Выбрать главу

Лица вокруг попадались все больше незнакомые. Юные, накрашенные в подражание придворным дамам, великосветским шлюхам и театральным дивам, лоснящиеся румянами, неумело покрытые пудрой, призванные вызывать похоть и вожделение, они скорее вызывали смех — Барбаросса иной раз вынуждена была отворачиваться, чтобы не прыснуть. Роковые красотки, еще недавно игравшие в куклы, уверенные в том, что могут разжиться всеми богатствами Ада, стоит только раздвинуть ноги — вы даже не знаете, сколько подобных вам Броккенбург переживал, скрежеща старыми столетними зубами…
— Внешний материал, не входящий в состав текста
(* Let $r:\mathbb Z\to\mathbb C$ be any function and $p\ge1$ an integer. Define $R(k)=r(k)r(k-1)\cdots r(k-p+1)$ and, for $m=1,\dots,p$, $r^{(m)}(k)=R(kp+m-1)$ for $k\in\mathbb Z$. Then for every $n\in\mathbb Z$ and every $i\in\{1,\dots,p\}$ one has, as an identity of formal power series in $\mathbf t=(t_1,t_2,\dots)$ and $\mathbf t^*=(t^*_1,t^*_2,\dots)$, $$\tau_r\big(np+i,\mathbf t^{[p]},\mathbf t^{*[p]}\big)=\prod_{m=1}^{i}\tau_{r^{(m)}}(n+1,\mathbf t,\mathbf t^* )\prod_{m=i+1}^{p}\tau_{r^{(m)}}(n,\mathbf t,\mathbf t^* ).$$
   Context: For a function $\rho:\mathbb Z\to\mathbb C$, a partition $\lambda$ and $x\in\mathbb Z$, set $\rho_\lambda(x)=\prod_{(i,j)\in\lambda}\rho(x+j-i)$, the product over the boxes $(i,j)$ ($1\le j\le\lambda_i$) of the Young diagram, with $\rho_0=1$. Schur functions: $\exp(\sum_{m\ge1}t_mz^m)=\sum_{k\ge0}h_k(\mathbf t)z^k$, $h_k=0$ for $k<0$, $s_\lambda(\mathbf t)=\det(h_{\lambda_i-i+j}(\mathbf t))_{1\le i,j\le\ell(\lambda)}$. The hypergeometric tau function is $\tau_\rho(N,\mathbf t,\mathbf t^* )=\sum_\lambda \rho_\lambda(N)s_\lambda(\mathbf t)s_\lambda(\mathbf t^* )$, summed over all partitions (a formal power series in $\mathbf t,\mathbf t^*$). For $\mathbf t=(t_1,t_2,\dots)$, $\mathbf t^{[p]}$ denotes the sequence whose $(kp)$-th entry is $t_k$ for $k\ge1$ and whose other entries are $0$, i.e. $\mathbf t^{[p]}=(0,\dots,0,t_1,0,\dots,0,t_2,0,\dots)$ with blocks of length $p$; similarly for $\mathbf t^{*[p]}$. *)

theory Defs
  imports
    "HOL-Library.Poly_Mapping"
    "HOL-Analysis.Infinite_Sum"
    "HOL-Computational_Algebra.Formal_Power_Series"
    "Jordan_Normal_Form.Determinant"
begin

text \<open>Variables: Inl k stands for t_k, Inr k for t*_k (k >= 1).\<close>

type_synonym var = "nat + nat"
type_synonym monom = "var \<Rightarrow>\<^sub>0 nat"
type_synonym mpoly = "monom \<Rightarrow>\<^sub>0 complex"
type_synonym mser = "monom \<Rightarrow> complex"

definition pvar :: "var \<Rightarrow> mpoly" where
  "pvar v = Poly_Mapping.single (Poly_Mapping.single v 1) 1"

definition pconst :: "complex \<Rightarrow> mpoly" where
  "pconst c = Poly_Mapping.single 0 c"

text \<open>The sequences t = (t_1,t_2,...) and t* (index 0 unused).\<close>
definition tseq :: "nat \<Rightarrow> mpoly" where "tseq k = pvar (Inl k)"
definition tsseq :: "nat \<Rightarrow> mpoly" where "tsseq k = pvar (Inr k)"

text \<open>t^[p]: the (kp)-th entry is t_k, all other entries are 0.\<close>
definition dilate :: "nat \<Rightarrow> (nat \<Rightarrow> mpoly) \<Rightarrow> nat \<Rightarrow> mpoly" where
  "dilate p a n = (if 0 < n \<and> p dvd n then a (n div p) else 0)"
lemma norm_poisson_binomial_char_minus_poisson_char_le:
  fixes p :: "nat \<Rightarrow> real"
  assumes I: "finite I" and p: "\<And>j. j \<in> I \<Longrightarrow> 0 \<le> p j \<and> p j \<le> 1"
  defines "mu \<equiv> (\<Sum>j\<in>I. p j * (1 - p j))"
  shows "norm (poisson_binomial_char I p t - poisson_char (\<Sum>j\<in>I. p j) t)
           \<le> 36 * (\<Sum>j\<in>I. (p j)^2) * ((1 - cos t) * exp (- mu * (1 - cos t)))"
proof -
  define x where "x = 1 - cos t"
  have x: "0 \<le> x" "x \<le> 2" unfolding x_def using cos_ge_minus_one[of t] by auto
  define a where "a j = complex_of_real (1 - p j) + complex_of_real (p j) * exp (\<i> * complex_of_real t)" for j
  define M where "M j = exp (- (p j * (1 - p j)) * x)" for j
  have "norm (poisson_binomial_char I p t - poisson_char (\<Sum>j\<in>I. p j) t)
      = norm ((\<Prod>j\<in>I. a j) - (\<Prod>j\<in>I. poisson_char (p j) t))"
    by (simp add: poisson_char_sum[OF I] poisson_binomial_char_def a_def)
  also have "\<dots> \<le> (\<Sum>j\<in>I. norm (a j - poisson_char (p j) t) * (\<Prod>i\<in>I-{j}. M i))"
    using I p norm_bernoulli_char_le norm_poisson_char_le
    unfolding a_def M_def x_def by (intro norm_prod_diff_le_weighted) auto
  also have "\<dots> \<le> (\<Sum>j\<in>I. (18 * (p j)^2 * x) * (2 * exp (- mu * x)))"
  proof (rule sum_mono)
    fix j assume j: "j \<in> I"
    \<comment> \<open>Omitting one factor from \<open>\<Prod>M\<close> costs at most \<open>e\<^sup>1\<^sup>/\<^sup>2 \<le> 2\<close>, since \<open>p(1-p) \<le> 1/4\<close>.\<close>
    have "(\<Prod>i\<in>I-{j}. M i) = exp (- (\<Sum>i\<in>I-{j}. p i * (1 - p i)) * x)"
      unfolding M_def using I by (simp add: exp_sum[symmetric] sum_distrib_right sum_negf)
    also have "\<dots> = exp (- mu * x) * exp (p j * (1 - p j) * x)"
      unfolding mu_def using I j by (simp add: sum_diff1 algebra_simps flip: exp_add)
    also have "\<dots> \<le> exp (- mu * x) * 2"
    proof -
      have "p j * (1 - p j) \<le> 1/4" using sum_squares_ge_zero[of "p j - 1/2" 0]
        by (simp add: power2_eq_square algebra_simps)
      hence "p j * (1 - p j) * x \<le> 1/4 * 2" using x p[OF j] by (intro mult_mono) auto
      hence "exp (p j * (1 - p j) * x) \<le> exp (1/2)" by simp
      also have "\<dots> \<le> 2" by (rule exp_half_le2)
      finally show ?thesis by (intro mult_left_mono) auto
    qed
    finally have "(\<Prod>i\<in>I-{j}. M i) \<le> 2 * exp (- mu * x)" by simp
    moreover have "norm (a j - poisson_char (p j) t) \<le> 18 * (p j)^2 * x"
      using norm_bernoulli_char_minus_poisson_char_le[of "p j" t] p[OF j] unfolding a_def x_def by auto
    ultimately show "norm (a j - poisson_char (p j) t) * (\<Prod>i\<in>I-{j}. M i) \<le> (18 * (p j)^2 * x) * (2 * exp (- mu * x))"
      by (intro mult_mono) (use x in \<open>auto simp: M_def intro: prod_nonneg\<close>)
  qed
  also have "\<dots> = 36 * (\<Sum>j\<in>I. (p j)^2) * (x * exp (- mu * x))"
    by (simp add: sum_distrib_left sum_distrib_right algebra_simps)
  finally show ?thesis unfolding x_def .
qed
Впрочем, некоторые из них, пожалуй, перепачкали себя гримом вполне осознанно, не из детской прихоти. Проходя мимо, Барбаросса подмечала в свете масляных ламп, освещавших Венерину Плешь, припухлые шрамы на хорошеньких щечках, прикрытые толстым слоем пудры, отсутствие уши, скрытые тщательно уложенными прическами, причудливой формы рубцы на запястьях, подбородках и шеях… Следы, оставленные Шабашем. Она сама носила на себе несколько дюжин подобных, давно позабыв их историю, а на других оставила еще больше.
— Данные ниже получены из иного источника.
lemma line_multipliers_cyclic:
  assumes "lattice_segment L a b"
  shows "\<exists>c>0. {r. r *\<^sub>R (b - a) \<in> L} = range (\<lambda>k::int. of_int k * c)"
proof -
  define d where "d = b - a"
  obtain w t where w: "w \<in> L" "w \<noteq> 0" and d: "d = t *\<^sub>R w" and "d \<noteq> 0"
    using assms unfolding lattice_segment_def d_def by force
  then have t: "t \<noteq> 0" by auto
  obtain \<delta> where \<delta>: "0 < \<delta>" "\<And>x. x \<in> L \<Longrightarrow> x \<noteq> 0 \<Longrightarrow> \<delta> \<le> norm x"
    using norm_bounded_below by blast
  have "\<exists>c>0. {r. r *\<^sub>R d \<in> L} = range (\<lambda>k::int. of_int k * c)"
  proof (rule discrete_real_subgroup_cyclic)
    show "x - y \<in> {r. r *\<^sub>R d \<in> L}" if "x \<in> {r. r *\<^sub>R d \<in> L}" "y \<in> {r. r *\<^sub>R d \<in> L}" for x y
      using diff_closed that by (simp add: scaleR_diff_left)
    show "0 < \<delta> / norm d" using \<delta>(1) \<open>d \<noteq> 0\<close> by simp
    show "\<delta> / norm d \<le> \<bar>g\<bar>" if "g \<in> {r. r *\<^sub>R d \<in> L}" "g \<noteq> 0" for g
      using \<delta>(2)[of "g *\<^sub>R d"] that \<open>d \<noteq> 0\<close> by (simp add: field_simps)
    show "1 / t \<in> {r. r *\<^sub>R d \<in> L}" using w(1) t by (simp add: d)
    show "1 / t \<noteq> 0" using t by simp
  qed
  then show ?thesis unfolding d_def .
qed

lemma primitive_dir_eq:
  assumes "lattice_segment L a b"
  obtains c where "0 < c" "{r. r *\<^sub>R (b - a) \<in> L} = range (\<lambda>k::int. of_int k * c)"
    and "primitive_dir L (b - a) = c *\<^sub>R (b - a)"
proof -
  define d where "d = b - a"
  have "d \<noteq> 0" using assms by (auto simp: lattice_segment_def d_def)
  obtain c where c: "0 < c" "{r. r *\<^sub>R d \<in> L} = range (\<lambda>k::int. of_int k * c)"
    using line_multipliers_cyclic[OF assms] unfolding d_def by blast
  have primitive_iff: "v \<in> L \<and> (\<exists>c>0. v = c *\<^sub>R d) \<and> L \<inter> span {d} = range (\<lambda>k::int. of_int k *\<^sub>R v)
      \<longleftrightarrow> v = c *\<^sub>R d" for v
  proof
    assume "v \<in> L \<and> (\<exists>c>0. v = c *\<^sub>R d) \<and> L \<inter> span {d} = range (\<lambda>k::int. of_int k *\<^sub>R v)"
    then obtain c' where c': "0 < c'" "v = c' *\<^sub>R d"
      and gen: "L \<inter> span {d} = range (\<lambda>k::int. of_int k *\<^sub>R v)" by blast
    have "r *\<^sub>R d \<in> L \<longleftrightarrow> r *\<^sub>R d \<in> L \<inter> span {d}" for r
      by (auto simp: span_singleton)
    also have "\<dots> r \<longleftrightarrow> (\<exists>k::int. r = of_int k * c')" for r
      using \<open>d \<noteq> 0\<close> by (auto simp: gen c'(2) scaleR_cancel_right)
    finally have "{r. r *\<^sub>R d \<in> L} = range (\<lambda>k::int. of_int k * c')" by auto
    then show "v = c *\<^sub>R d" using int_multiples_eq_imp_eq c c' by metis
  next
    assume "v = c *\<^sub>R d"
    moreover have "L \<inter> span {d} = range (\<lambda>k::int. of_int k *\<^sub>R (c *\<^sub>R d))"
      using c(2) by (auto simp: set_eq_iff span_singleton)
    ultimately show "v \<in> L \<and> (\<exists>c>0. v = c *\<^sub>R d) \<and> L \<inter> span {d} = range (\<lambda>k::int. of_int k *\<^sub>R v)"
      using c by auto
  qed
  have "primitive_dir L d = c *\<^sub>R d"
    unfolding primitive_dir_def primitive_iff by simp
  then show thesis using that c unfolding d_def by blast
qed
Ищи, приказала себе Барбаросса. Всматривайся. Вынюхивай. «Сестрички» наверняка здесь, просто растворились в толпе, наблюдают за тобой. Зачем? Может, в самом деле хотят поговорить. Сообразили, что поспешили, объявив на нее Хундиненягдт и теперь отчаянно ищут способ сохранит себе зубы и вместе с тем не потерять лицо. А может, прямо сейчас какая-нибудь «сестричка», изображая пьяно хихикающую ведьму, подбирается к тебе, сжимая в пальцах отравленный шип…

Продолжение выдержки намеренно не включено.